Our need to conduct a census, to count human beings, stems from the fact that the total number of human beings is not the same each time. Why is that so? Ever since humans became mortal, the number of human beings present in a community is not the same each time they arcounted. In the Garden of Eden, we were meant to live indefinitely. If that were the case, whenever we counted humanity, the number would be same. But the number is not the same each time. Counting, taking a census, is a reminder of our mortality, of our finality, of the precious nature of our lives.

Certainly, this year of counting has brought us face to face with that sense of mortality. At the same time, Sforno enables us to see beyond the challenges of counting.Whenever we count, when we reach a milestone, such as this one year of the pandemic that is upon us, we also have the opportunity to take stock of our blessings.  We have the chance to celebrate our resilience. Here we are, one year later, having never missed a week of Shabbat services since it all began. 52 Shabbatot later: Here We Are.

And our numbers, our census, those among us, are strong, too! Each of those 52 weeks, we’ve been so blessed to have 40, 50, 60 people logging on to join in prayer and community with us from around the Berkshires and all over the country.

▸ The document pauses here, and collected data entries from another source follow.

(* Let $r\ge0$, let $\mathbf u=(u_1,\dots,u_r)$ be a tuple of positive integers, and let $\mathbf w=(w_1,\dots,w_n)$ and $\boldsymbol\ell=(\ell_1,\dots,\ell_n)$ be tuples of positive integers with $2\le\ell_i\le w_i$ for all $i$. Define an equivalence relation $\sim$ on $\{1,\dots,n\}$ by $i\sim j$ if and only if $w_i=w_j$ and $\ell_i=\ell_j$, and let $R$ be a set of equivalence class representatives. Then \[ C(\mathrm{cat}(\mathbf u,\mathbf w),\mathrm{cat}(1^r,\boldsymbol\ell),2)=C(\mathrm{cat}(\mathbf u,\mathbf w^R),\mathrm{cat}(1^r,\boldsymbol\ell^R),2). \]
   Context: $1^r$ denotes the $r$-tuple with all entries $1$; $\mathrm{cat}(\mathbf a,\mathbf b)$ is the concatenation of tuples; for $R\subseteq\{1,\dots,n\}$, $\mathbf w^R$ denotes the tuple of entries of $\mathbf w$ in positions from $R$ (in increasing order). For tuples $\mathbf v,\mathbf k$ of positive integers of the same length $p$ with $\mathbf k\le\mathbf v$ entrywise: let $X_1,\dots,X_p$ be pairwise disjoint sets with $|X_i|=v_i$; a block is a $p$-tuple $(B_1,\dots,B_p)$ with $B_i\subseteq X_i$, $|B_i|=k_i$; a $p$-tuple of sets $(T_1,\dots,T_p)$ is $(\mathbf v,\mathbf k,2)$-admissible if $T_i\subseteq X_i$, $|T_i|\le k_i$ and $\sum|T_i|=2$, and is contained in a block if $T_i\subseteq B_i$ for all $i$. A ${\rm GC}(\mathbf v,\mathbf k,2)$ is a finite family (repetitions allowed) of blocks containing every admissible tuple in at least one block; $C(\mathbf v,\mathbf k,2)$ is the minimum number of blocks of such a design. *)

theory Defs
  imports Main
begin

text \<open>Tuples are lists (0-based positions). The point set X_i is realised
canonically as {..< v!i} in coordinate i (the coordinates are kept apart by
being separate list entries, which models pairwise disjointness).\<close>

definition is_block :: "nat list \<Rightarrow> nat list \<Rightarrow> nat set list \<Rightarrow> bool" where
  "is_block v k B \<longleftrightarrow> length B = length v \<and>
     (\<forall>i<length v. B!i \<subseteq> {..<v!i} \<and> card (B!i) = k!i)"

definition admissible2 :: "nat list \<Rightarrow> nat list \<Rightarrow> nat set list \<Rightarrow> bool" where
  "admissible2 v k T \<longleftrightarrow> length T = length v \<and>
     (\<forall>i<length v. T!i \<subseteq> {..<v!i} \<and> card (T!i) \<le> k!i) \<and>
     (\<Sum>i<length v. card (T!i)) = 2"

definition contained_in :: "nat set list \<Rightarrow> nat set list \<Rightarrow> bool" where
  "contained_in T B \<longleftrightarrow> (\<forall>i<length T. T!i \<subseteq> B!i)"

text \<open>A GC(v,k,2): a finite family (list, repetitions allowed) of blocks
covering every admissible tuple.\<close>
definition is_GC2 :: "nat list \<Rightarrow> nat list \<Rightarrow> nat set list list \<Rightarrow> bool" where
  "is_GC2 v k F \<longleftrightarrow> (\<forall>B\<in>set F. is_block v k B) \<and>
     (\<forall>T. admissible2 v k T \<longrightarrow> (\<exists>B\<in>set F. contained_in T B))"

definition C2 :: "nat list \<Rightarrow> nat list \<Rightarrow> nat" where
  "C2 v k = (LEAST m. \<exists>F. is_GC2 v k F \<and> length F = m)"

end

theory Submission
  imports Defs
begin

text \<open>A family of blocks is a GC(v,k,2) iff every pair of distinct points that fits into a
single block lies in one of its blocks. Let \<sigma> send the parts of (v,k) to parts of (v',k')
with the same sizes and block sizes, identifying two parts only when 2 \<le> k \<le> v. Pulling a
GC(v',k',2) back along \<sigma> (part c of the new block is part \<sigma> c of the old one) gives a
GC(v,k,2) of the same size: a pair split over two glued parts is a pair inside one part of
(v',k'), covered as k \<ge> 2; and a point occurring in both glued parts is covered together
with any second point of that part, which exists as v \<ge> 2. Between cat(u,w) and
cat(u,w^R) there are such maps in both directions: the inclusion of the representatives and
the map sending each index to its representative.\<close>

lemma admissible2_iff_card_points:
  "admissible2 V K T \<longleftrightarrow> length T = length V \<and>
     (\<forall>i<length V. T!i \<subseteq> {..<V!i} \<and> card (T!i) \<le> K!i) \<and>
     card (SIGMA i:{..<length V}. T!i) = 2"
proof -
  have "card (SIGMA i:{..<length V}. T!i) = (\<Sum>i<length V. card (T!i))"
    if "\<forall>i<length V. T!i \<subseteq> {..<V!i}"
    using that by (intro card_SigmaI) (auto intro: finite_subset)
  then show ?thesis unfolding admissible2_def by auto
qed

definition covers_pairs :: "nat list \<Rightarrow> nat list \<Rightarrow> nat set list list \<Rightarrow> bool" where
  "covers_pairs V K F \<longleftrightarrow> (\<forall>i<length V. \<forall>j<length V. \<forall>x<V!i. \<forall>y<V!j.
     (i, x) \<noteq> (j, y) \<and> (if i = j then 2 \<le> K!i else 1 \<le> K!i \<and> 1 \<le> K!j) \<longrightarrow>
     (\<exists>B\<in>set F. x \<in> B!i \<and> y \<in> B!j))"

lemma covers_pairsD:
  assumes "covers_pairs V K F" "i < length V" "j < length V" "x < V!i" "y < V!j"
    "(i, x) \<noteq> (j, y)" "if i = j then 2 \<le> K!i else 1 \<le> K!i \<and> 1 \<le> K!j"
  shows "\<exists>B\<in>set F. x \<in> B!i \<and> y \<in> B!j"
  using assms unfolding covers_pairs_def by blast

lemma admissible2_pair:
  assumes "i < length V" "j < length V" "x < V!i" "y < V!j" "(i, x) \<noteq> (j, y)"
    "if i = j then 2 \<le> K!i else 1 \<le> K!i \<and> 1 \<le> K!j"
  shows "admissible2 V K (map (\<lambda>t. {z. (t, z) = (i, x) \<or> (t, z) = (j, y)}) [0..<length V])"
    (is "admissible2 V K ?T")
proof -
  have T: "?T!t = (if t = i then {x} else {}) \<union> (if t = j then {y} else {})"
    if "t < length V" for t
    using that by auto
  have "card (?T!t) \<le> K!t" if "t < length V" for t
    unfolding T[OF that] using assms(6) by (cases "t = i"; cases "t = j") (auto simp: card_insert_if)
  moreover have "(SIGMA t:{..<length V}. ?T!t) = {(i, x), (j, y)}" using assms(1,2) by auto
  ultimately show ?thesis unfolding admissible2_iff_card_points using assms by auto
qed

lemma covers_pairs_contains_admissible2:
  assumes cov: "covers_pairs V K F" and adm: "admissible2 V K T"
  shows "\<exists>B\<in>set F. contained_in T B"
proof -
  let ?P = "SIGMA t:{..<length V}. T!t"
  have len: "length T = length V"
    and T: "\<And>t. t < length V \<Longrightarrow> T!t \<subseteq> {..<V!t} \<and> card (T!t) \<le> K!t"
    and "card ?P = 2"
    using adm unfolding admissible2_iff_card_points by auto
  then obtain i x j y where ij: "(i, x) \<noteq> (j, y)" "?P = {(i, x), (j, y)}"
    by (metis card_2_iff surj_pair)
  then have i: "i < length V" "x \<in> T!i" and j: "j < length V" "y \<in> T!j" by auto
  have fin: "finite (T!t)" if "t < length V" for t
    using T[OF that] finite_subset by blast
  have "if i = j then 2 \<le> K!i else 1 \<le> K!i \<and> 1 \<le> K!j"
  proof (cases "i = j")
    case True
    then have "card {x, y} \<le> card (T!i)" using i j fin by (intro card_mono) auto
    then show ?thesis using True ij(1) T[OF i(1)] by auto
  next
    case False
    have "1 \<le> card (T!i)" "1 \<le> card (T!j)"
      using i j fin by (auto simp: Suc_le_eq card_gt_0_iff)
    then show ?thesis using False T[OF i(1)] T[OF j(1)] by simp
  qed
  then obtain B where B: "B \<in> set F" "x \<in> B!i" "y \<in> B!j"
    using covers_pairsD[OF cov i(1) j(1) _ _ ij(1)] i j T by blast
  have "T!t \<subseteq> B!t" if "t < length V" for t
  proof
    fix z assume "z \<in> T!t"
    then have "(t, z) \<in> ?P" using that by auto
    then show "z \<in> B!t" using ij(2) B by auto
  qed
  then show ?thesis using B(1) len unfolding contained_in_def by auto
qed

lemma is_GC2_iff_covers_pairs:
  "is_GC2 V K F \<longleftrightarrow> (\<forall>B\<in>set F. is_block V K B) \<and> covers_pairs V K F"
proof -
  have "covers_pairs V K F"
    if covered: "\<forall>T. admissible2 V K T \<longrightarrow> (\<exists>B\<in>set F. contained_in T B)"
    unfolding covers_pairs_def
  proof (intro allI impI)
    fix i j x y
    assume i: "i < length V" and j: "j < length V" and x: "x < V!i" and y: "y < V!j"
      and pair: "(i, x) \<noteq> (j, y) \<and> (if i = j then 2 \<le> K!i else 1 \<le> K!i \<and> 1 \<le> K!j)"
    let ?T = "map (\<lambda>t. {z. (t, z) = (i, x) \<or> (t, z) = (j, y)}) [0..<length V]"
    have "admissible2 V K ?T"
      using i j x y pair by (intro admissible2_pair) auto
    then obtain B where B: "B \<in> set F" "contained_in ?T B"
      using covered by blast
    then have "?T!i \<subseteq> B!i" "?T!j \<subseteq> B!j"
      using i j unfolding contained_in_def by auto
    moreover have "x \<in> ?T!i" "y \<in> ?T!j" using i j by auto
    ultimately show "\<exists>B\<in>set F. x \<in> B!i \<and> y \<in> B!j"
      using B(1) by blast
  qed
  then show ?thesis
    unfolding is_GC2_def using covers_pairs_contains_admissible2 by blast
qed

definition part_merging ::
    "(nat \<Rightarrow> nat) \<Rightarrow> nat list \<Rightarrow> nat list \<Rightarrow> nat list \<Rightarrow> nat list \<Rightarrow> bool" where
  "part_merging \<sigma> V K V' K' \<longleftrightarrow>
     (\<forall>c<length V. \<sigma> c < length V' \<and> V'!(\<sigma> c) = V!c \<and> K'!(\<sigma> c) = K!c) \<and>
     (\<forall>c<length V. \<forall>d<length V. c \<noteq> d \<longrightarrow> \<sigma> c = \<sigma> d \<longrightarrow> 2 \<le> K!c \<and> K!c \<le> V!c)"

lemma is_block_pullback:
  assumes "part_merging \<sigma> V K V' K'" "is_block V' K' B"
  shows "is_block V K (map (\<lambda>c. B!(\<sigma> c)) [0..<length V])"
proof -
  have "B!(\<sigma> c) \<subseteq> {..<V!c} \<and> card (B!(\<sigma> c)) = K!c" if "c < length V" for c
    using assms that unfolding part_merging_def is_block_def by metis
  then show ?thesis unfolding is_block_def by simp
qed

lemma covers_pairs_pullback:
  assumes \<sigma>: "part_merging \<sigma> V K V' K'" and cov: "covers_pairs V' K' F"
  shows "covers_pairs V K (map (\<lambda>B. map (\<lambda>c. B!(\<sigma> c)) [0..<length V]) F)"
  unfolding covers_pairs_def
proof (intro allI impI)
  fix i j x y
  assume i: "i < length V" and j: "j < length V" and x: "x < V!i" and y: "y < V!j"
    and pair: "(i, x) \<noteq> (j, y) \<and> (if i = j then 2 \<le> K!i else 1 \<le> K!i \<and> 1 \<le> K!j)"
  have si: "\<sigma> i < length V'" "V'!(\<sigma> i) = V!i" "K'!(\<sigma> i) = K!i"
    and sj: "\<sigma> j < length V'" "V'!(\<sigma> j) = V!j" "K'!(\<sigma> j) = K!j"
    using \<sigma> i j unfolding part_merging_def by auto
  have merged: "2 \<le> K!i \<and> K!i \<le> V!i" if "i \<noteq> j" "\<sigma> i = \<sigma> j"
    using \<sigma> i j that unfolding part_merging_def by blast
  obtain B where B: "B \<in> set F" "x \<in> B!(\<sigma> i)" "y \<in> B!(\<sigma> j)"
  proof (cases "\<sigma> i = \<sigma> j")
    case False
    then have "i \<noteq> j" by auto
    then show ?thesis
      using that covers_pairsD[OF cov si(1) sj(1), of x y] x y si sj pair False by auto
  next
    case True
    have two: "2 \<le> K'!(\<sigma> i)" using pair merged True si by (cases "i = j") auto
    show ?thesis
    proof (cases "x = y")
      case False
      then show ?thesis
        using that covers_pairsD[OF cov si(1) si(1), of x y] x y si sj True two by auto
    next
      case True
      define x' where "x' = (if x = 0 then 1 else (0::nat))"
      have "i \<noteq> j" using pair True by auto
      then have "x' < V'!(\<sigma> i)" "x \<noteq> x'"
        using merged \<open>\<sigma> i = \<sigma> j\<close> si by (auto simp: x'_def)
      then show ?thesis
        using that covers_pairsD[OF cov si(1) si(1), of x x'] x si two True \<open>\<sigma> i = \<sigma> j\<close> by auto
    qed
  qed
  then show "\<exists>B'\<in>set (map (\<lambda>B. map (\<lambda>c. B!(\<sigma> c)) [0..<length V]) F). x \<in> B'!i \<and> y \<in> B'!j"
    using i j by auto
qed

Teach us to number our days, that we may acquire a heart of wisdom.

As we continue to count and quantify, to number and reflect, let us remember the power of stopping to recognize these moments and milestones, to know that even in our struggles and challenges, our community is vibrant and strong. That is something we cannot count in numbers, in tens or thousands or percentages or years. That is the uncountable, ineffable essence of who we are as individuals, as a Temple, as a community, and as a world. Resilient and strong.